Grammar Secrets by Caroline Taggart

Author:Caroline Taggart [Collins]
Language: eng
Format: epub
ISBN: 9780007591312
Publisher: HarperCollins Publishers
Published: 2014-01-15T00:00:00+00:00


Are you calling me a liar?

Knowing about transitive and intransitive verbs should help you distinguish between two common words that are frequently confused: lay and lie. Most (but not all) of the confusion can be sorted if you know that lay is a transitive verb, and lie an intransitive one. You lay one piece of paper on top of another; you lay the table or, if you are a bird or a platypus, you lay an egg. But you always, in the present tense, lay something.

On the other hand, you can lie on the floor or lie through your teeth, but the verb is complete in itself – again, the endings of those sentences answer the questions where or how, but not what.

The past tense and past participle of lay are both laid (He laid the table for breakfast, then went to collect the eggs that the hens had laid overnight).

The difficulty arises with the past tense of lie.
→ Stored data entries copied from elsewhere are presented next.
(* Let $F\in\mathbf F$ satisfy conditions $\mathbf{KP}$ and $\mathbf{HN^0}$. Then $A_T(F)$ is closed in probability, i.e. if $(g^n)_{n\ge1}\subset A_T(F)$ converges in probability (equivalently, along a subsequence a.s.) to some $g\in L^0(\mathbb R^d;\mathcal F)$, then $g\in A_T(F)$.
   Context: Fix $T\in\mathbb N$, $\mathbb T=\{0,\dots,T\}$, $d\ge1$, a complete probability space $(\Omega,\mathcal F,\mathbb P)$ and a filtration $\mathbb H=(\mathcal H_t)_{t\in\mathbb T}$ with $\mathcal H_T\subset\mathcal F$ (no other relation between $\mathbb H$ and the other processes is assumed). Equalities and inequalities between random variables are understood $\mathbb P$-a.s. $\mathbb M^d$ denotes the real $d\times d$ matrices, $\mathbb M^d_+$ those with nonnegative entries, and $e_{ij}$ the matrix whose $(i,j)$ entry is $1$ and all other entries $0$. For $E\subset\mathbb M^d$ (or $E\subset\mathbb R^d$) and a $\sigma$-algebra $\mathcal G\subset\mathcal F$, $L^0(E;\mathcal G)$ is the set of $E$-valued $\mathcal G$-measurable random variables; $L^1(\mathbb R^d;\mathcal F)$ and $L^\infty(\mathbb R^d;\mathcal F)$ are the integrable, resp. bounded, elements of $L^0(\mathbb R^d;\mathcal F)$. A closed convex cone $\mathcal A\subset\mathbb M^d$ is fixed; $\mathbb L^0(\mathcal A;\mathbb H)$ denotes the set of $\mathcal A$-valued $\mathbb H$-adapted processes $(\eta_t)_{t\in\mathbb T}$. $\mathbb F$ is the set of continuous maps $f:\mathbb M^d\to\mathbb R^d$ such that (HF1) $f(\lambda a)=\lambda f(a)$ for all $\lambda\ge0$, $a\in\mathbb M^d$; (HF2) $f(\lambda a+\beta a')-(\lambda f(a)+\beta f(a'))\in\mathbb R^d_+$ for all $\lambda,\beta\ge0$, $a,a'\in\mathcal A$. $\mathbf F$ is the set of sequences $F=(F_t)_{t\in\mathbb T}$ of $\mathcal F$-measurable random maps $F_t:\Omega\times\mathbb M^d\to\mathbb R^d$ with $F_t(\omega,\cdot)\in\mathbb F$ for a.e. $\omega$ (no adaptedness to $\mathbb H$ is assumed); for a random matrix $\eta$, $F_t(\eta)(\omega)=F_t(\omega,\eta(\omega))$. $N_t(F)=\{F_t(\eta):\eta\in L^0(\mathcal A;\mathcal H_t)\}$, $N^0_t(F)=N_t(F)\cap(-N_t(F))$. For a process $\xi=(\xi_t)_{t\in\mathbb T}$, "$\xi\in N(F)$" means $\xi_t\in N_t(F)$ for all $t$, and "$\xi\in N^0(F)$" means $\xi_t\in N^0_t(F)$ for all $t$. $V_t(\xi)=\sum_{s=0}^t\xi_s$ and $A_t(F)=\{V_t(\xi)-r:\ \xi\in N(F),\ r\in L^0(\mathbb R^d_+;\mathcal F)\}$. Condition $\mathbf{KP}$: for all $\xi,\tilde\xi\in N(F)$, $V_T(\xi)+V_T(\tilde\xi)\in L^0(\mathbb R^d_+;\mathcal F)$ implies $\xi\in N^0(F)$ and $V_T(\xi)+V_T(\tilde\xi)=0$. Condition $\mathbf{HN^0}$: for all $t\in\mathbb T$ and $\eta\in L^0(\mathcal A;\mathcal H_t)$, $F_t(\eta)\in N^0_t(F)$ implies $F_t(-\eta)=-F_t(\eta)$ and $-\eta\in L^0(\mathcal A;\mathcal H_t)$. *)

theory Defs
  imports "HOL-Probability.Probability"
begin

type_synonym 'd mat = "real^'d^'d"
type_synonym 'd vect = "real^'d"

definition nonneg_vec :: "real^'d \<Rightarrow> bool" where
  "nonneg_vec x \<longleftrightarrow> (\<forall>i. 0 \<le> x $ i)"

definition classF :: "('d::finite) mat set \<Rightarrow> ('d mat \<Rightarrow> 'd vect) set" where
  "classF A = {f. continuous_on UNIV f
     \<and> (\<forall>c::real. \<forall>a. c \<ge> 0 \<longrightarrow> f (c *\<^sub>R a) = c *\<^sub>R f a)
     \<and> (\<forall>c b a a'. c \<ge> 0 \<longrightarrow> b \<ge> 0 \<longrightarrow> a \<in> A \<longrightarrow> a' \<in> A \<longrightarrow>
          nonneg_vec (f (c *\<^sub>R a + b *\<^sub>R a') - (c *\<^sub>R f a + b *\<^sub>R f a')))}"

definition randomF :: "'w measure \<Rightarrow> ('d::finite) mat set \<Rightarrow> (nat \<Rightarrow> 'w \<Rightarrow> 'd mat \<Rightarrow> 'd vect) \<Rightarrow> bool" where
  "randomF M A F \<longleftrightarrow> (\<forall>t a. (\<lambda>\<omega>. F t \<omega> a) \<in> borel_measurable M)
     \<and> (\<forall>t. AE \<omega> in M. F t \<omega> \<in> classF A)"

definition L0A :: "'w measure \<Rightarrow> (nat \<Rightarrow> 'w measure) \<Rightarrow> ('d::finite) mat set \<Rightarrow> nat \<Rightarrow> ('w \<Rightarrow> 'd mat) set" where
  "L0A M H A t = {\<eta>. \<eta> \<in> borel_measurable (H t) \<and> (\<forall>\<omega>\<in>space M. \<eta> \<omega> \<in> A)}"

definition inN :: "'w measure \<Rightarrow> (nat \<Rightarrow> 'w measure) \<Rightarrow> ('d::finite) mat set
    \<Rightarrow> (nat \<Rightarrow> 'w \<Rightarrow> 'd mat \<Rightarrow> 'd vect) \<Rightarrow> nat \<Rightarrow> ('w \<Rightarrow> 'd vect) \<Rightarrow> bool" where
  "inN M H A F t \<xi> \<longleftrightarrow> (\<exists>\<eta>\<in>L0A M H A t. AE \<omega> in M. \<xi> \<omega> = F t \<omega> (\<eta> \<omega>))"

definition inN0 :: "'w measure \<Rightarrow> (nat \<Rightarrow> 'w measure) \<Rightarrow> ('d::finite) mat set
    \<Rightarrow> (nat \<Rightarrow> 'w \<Rightarrow> 'd mat \<Rightarrow> 'd vect) \<Rightarrow> nat \<Rightarrow> ('w \<Rightarrow> 'd vect) \<Rightarrow> bool" where
  "inN0 M H A F t \<xi> \<longleftrightarrow> inN M H A F t \<xi> \<and> inN M H A F t (\<lambda>\<omega>. - \<xi> \<omega>)"

definition V :: "(nat \<Rightarrow> 'w \<Rightarrow> 'd vect) \<Rightarrow> nat \<Rightarrow> 'w \<Rightarrow> ('d::finite) vect" where
  "V \<xi> t = (\<lambda>\<omega>. \<Sum>s\<le>t. \<xi> s \<omega>)"

definition inNproc :: "'w measure \<Rightarrow> (nat \<Rightarrow> 'w measure) \<Rightarrow> ('d::finite) mat set
    \<Rightarrow> (nat \<Rightarrow> 'w \<Rightarrow> 'd mat \<Rightarrow> 'd vect) \<Rightarrow> nat \<Rightarrow> (nat \<Rightarrow> 'w \<Rightarrow> 'd vect) \<Rightarrow> bool" where
  "inNproc M H A F T \<xi> \<longleftrightarrow> (\<forall>t\<le>T. inN M H A F t (\<xi> t))"

definition inN0proc :: "'w measure \<Rightarrow> (nat \<Rightarrow> 'w measure) \<Rightarrow> ('d::finite) mat set
    \<Rightarrow> (nat \<Rightarrow> 'w \<Rightarrow> 'd mat \<Rightarrow> 'd vect) \<Rightarrow> nat \<Rightarrow> (nat \<Rightarrow> 'w \<Rightarrow> 'd vect) \<Rightarrow> bool" where
  "inN0proc M H A F T \<xi> \<longleftrightarrow> (\<forall>t\<le>T. inN0 M H A F t (\<xi> t))"

definition inAT :: "'w measure \<Rightarrow> (nat \<Rightarrow> 'w measure) \<Rightarrow> ('d::finite) mat set
    \<Rightarrow> (nat \<Rightarrow> 'w \<Rightarrow> 'd mat \<Rightarrow> 'd vect) \<Rightarrow> nat \<Rightarrow> ('w \<Rightarrow> 'd vect) \<Rightarrow> bool" where
  "inAT M H A F T g \<longleftrightarrow> g \<in> borel_measurable M \<and>
     (\<exists>\<xi> r. inNproc M H A F T \<xi> \<and> r \<in> borel_measurable M \<and> (\<forall>\<omega>\<in>space M. nonneg_vec (r \<omega>))
        \<and> (AE \<omega> in M. g \<omega> = V \<xi> T \<omega> - r \<omega>))"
If you’re telling lies, you’re fine, because in the past this is lied (He lied or He had lied to get out of trouble). In the sense of to lie down, the past participle is lain (He had lain in the sun for so long that his back was scarlet).

But the simple past tense of lie is lay:

I lay on my bed until I felt better.

Yes, that’s right. The present tense of one of these verbs is the same as the past tense of the other.

There may not seem to be much logic to this, but that can be said about a great deal of the English language. Sometimes you just have to accept that this is the way it is, learn it and try to remember it. The rules about lay and lie come into this category.